Reproduce exactly the line that contains "note Dl = dirichlet[OF" and all lines that follow it in the records below, ending with the last one.
━━ DATASET ENTRIES
lemma resolvent_eq_laplace:
  assumes l: "l > \<omega>"
  shows "resolvent DA At l y = laplace l y"
  unfolding resolvent_def
proof (rule the_equality)
  show "laplace l y \<in> DA \<and> l *\<^sub>R laplace l y - At (laplace l y) = y" using laplace_DA[OF l] by simp
  show "x = laplace l y" if "x \<in> DA \<and> l *\<^sub>R x - At x = y" for x
    using laplace_unique[OF l] that by blast
qed

lemma laplace_trunc_nonneg: "0 \<le> y \<Longrightarrow> 0 \<le> b \<Longrightarrow> 0 \<le> laplace_trunc l b y"
  unfolding laplace_trunc_def
  by (rule integral_nonneg_banach_lattice[OF _ laplace_integrand_continuous_on])
    (auto intro!: scaleR_nonneg_nonneg T_nonneg)

lemma laplace_nonneg:
  assumes l: "l > \<omega>" and y: "0 \<le> y"
  shows "0 \<le> laplace l y"
  using closed_sequentially[OF closed_nonneg_cone _ laplace_trunc_LIMSEQ[OF l]]
    laplace_trunc_nonneg[OF y] by simp

lemma DA_dense:
  assumes e: "e > 0"
  obtains x where "x \<in> DA" "0 \<le> y \<Longrightarrow> 0 \<le> x" "norm (y - x) < e"
proof -
  have "\<forall>\<^sub>F s in at_right 0. dist ((1 / s) *\<^sub>R laplace_trunc 0 s y) y < e \<and> 0 < s"
    using tendstoD[OF laplace_trunc_average_0 e] eventually_at_right_less by (rule eventually_conj)
  then obtain s where s: "dist ((1 / s) *\<^sub>R laplace_trunc 0 s y) y < e" "0 < s"
    using eventually_happens[of _ "at_right (0::real)"] by auto
  show ?thesis
  proof
    show "(1 / s) *\<^sub>R laplace_trunc 0 s y \<in> DA" using DA_scale laplace_trunc_DA(1) s(2) by simp
    show "0 \<le> (1 / s) *\<^sub>R laplace_trunc 0 s y" if "0 \<le> y"
      using laplace_trunc_nonneg[OF that] s(2) by (intro scaleR_nonneg_nonneg) auto
    show "norm (y - (1 / s) *\<^sub>R laplace_trunc 0 s y) < e"
      using s(1) by (simp add: dist_norm norm_minus_commute)
  qed
qed

lemma dirichlet_eqI:
  assumes l: "l > \<omega>" and x: "x \<in> Dt" "At x = l *\<^sub>R x" "G x = v"
  shows "dirichlet Dt At G l v = x"
  unfolding dirichlet_def
proof (rule the_equality)
  show "x \<in> Dt \<and> l *\<^sub>R x - At x = 0 \<and> G x = v" using x by simp
  fix y assume y: "y \<in> Dt \<and> l *\<^sub>R y - At y = 0 \<and> G y = v"
  then have "y - x \<in> DA" using x subspace_diff[OF Dt_subspace] G_diff by simp
  moreover have "At (y - x) = l *\<^sub>R (y - x)" using x y At_diff[of y x] by (simp add: algebra_simps)
  ultimately show "y = x" using DA_eigen_zero[OF l] by fastforce
qed

lemma dirichlet:
  assumes l: "l > \<omega>"
  shows "dirichlet Dt At G l v \<in> Dt" "At (dirichlet Dt At G l v) = l *\<^sub>R dirichlet Dt At G l v"
    "G (dirichlet Dt At G l v) = v"
proof -
  obtain w where w: "w \<in> Dt" "G w = v" using G_surj by (metis UNIV_I imageE)
  define z where "z = l *\<^sub>R w - At w"
  define x where "x = w - laplace l z"
  have R: "laplace l z \<in> Dt" "G (laplace l z) = 0" "At (laplace l z) = l *\<^sub>R laplace l z - z"
    using laplace_DA[OF l] by auto
  have "x \<in> Dt" using w R subspace_diff[OF Dt_subspace] by (simp add: x_def)
  moreover have "At x = l *\<^sub>R x"
  proof -
    have "At x = At w - (l *\<^sub>R laplace l z - z)" using At_diff[OF w(1) R(1)] R(3) by (simp add: x_def)
    also have "\<dots> = l *\<^sub>R x" by (simp add: x_def z_def algebra_simps)
    finally show ?thesis .
  qed
  moreover have "G x = v" using w R G_diff by (simp add: x_def)
  ultimately have "dirichlet Dt At G l v = x" by (rule dirichlet_eqI[OF l])
  then show "dirichlet Dt At G l v \<in> Dt" "At (dirichlet Dt At G l v) = l *\<^sub>R dirichlet Dt At G l v"
    "G (dirichlet Dt At G l v) = v" using \<open>x \<in> Dt\<close> \<open>At x = l *\<^sub>R x\<close> \<open>G x = v\<close> by auto
qed

lemma dirichlet_diff:
  assumes l: "l > \<omega>"
  shows "dirichlet Dt At G l (v1 - v2) = dirichlet Dt At G l v1 - dirichlet Dt At G l v2"
  using dirichlet[OF l, of v1] dirichlet[OF l, of v2]
  by (intro dirichlet_eqI[OF l]) (simp_all add: subspace_diff[OF Dt_subspace] At_diff G_diff algebra_simps)

lemma dirichlet_resolvent_identity:
  assumes l: "l > \<omega>" and m: "m > \<omega>"
  shows "dirichlet Dt At G l v - dirichlet Dt At G m v = (m - l) *\<^sub>R laplace l (dirichlet Dt At G m v)"
proof -
  let ?u = "dirichlet Dt At G l v - dirichlet Dt At G m v"
  note Dl = dirichlet[OF l, of v] and Dm = dirichlet[OF m, of v]
  have "?u \<in> DA" using Dl Dm subspace_diff[OF Dt_subspace] G_diff by simp
  moreover have "At ?u = l *\<^sub>R dirichlet Dt At G l v - m *\<^sub>R dirichlet Dt At G m v"
    using At_diff[OF Dl(1) Dm(1)] Dl(2) Dm(2) by simp
  then have "l *\<^sub>R ?u - At ?u = (m - l) *\<^sub>R dirichlet Dt At G m v"
    by (simp add: algebra_simps)
  ultimately show ?thesis using laplace_unique[OF l] linear_scale[OF laplace_linear[OF l]] by metis
qed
━━━━
▶ RESPONSE AREA:
  note Dl = dirichlet[OF l, of v] and Dm = dirichlet[OF m, of v]
  have "?u \<in> DA" using Dl Dm subspace_diff[OF Dt_subspace] G_diff by simp
  moreover have "At ?u = l *\<^sub>R dirichlet Dt At G l v - m *\<^sub>R dirichlet Dt At G m v"
    using At_diff[OF Dl(1) Dm(1)] Dl(2) Dm(2) by simp
  then have "l *\<^sub>R ?u - At ?u = (m - l) *\<^sub>R dirichlet Dt At G m v"
    by (simp add: algebra_simps)
  ultimately show ?thesis using laplace_unique[OF l] linear_scale[OF laplace_linear[OF l]] by metis
qed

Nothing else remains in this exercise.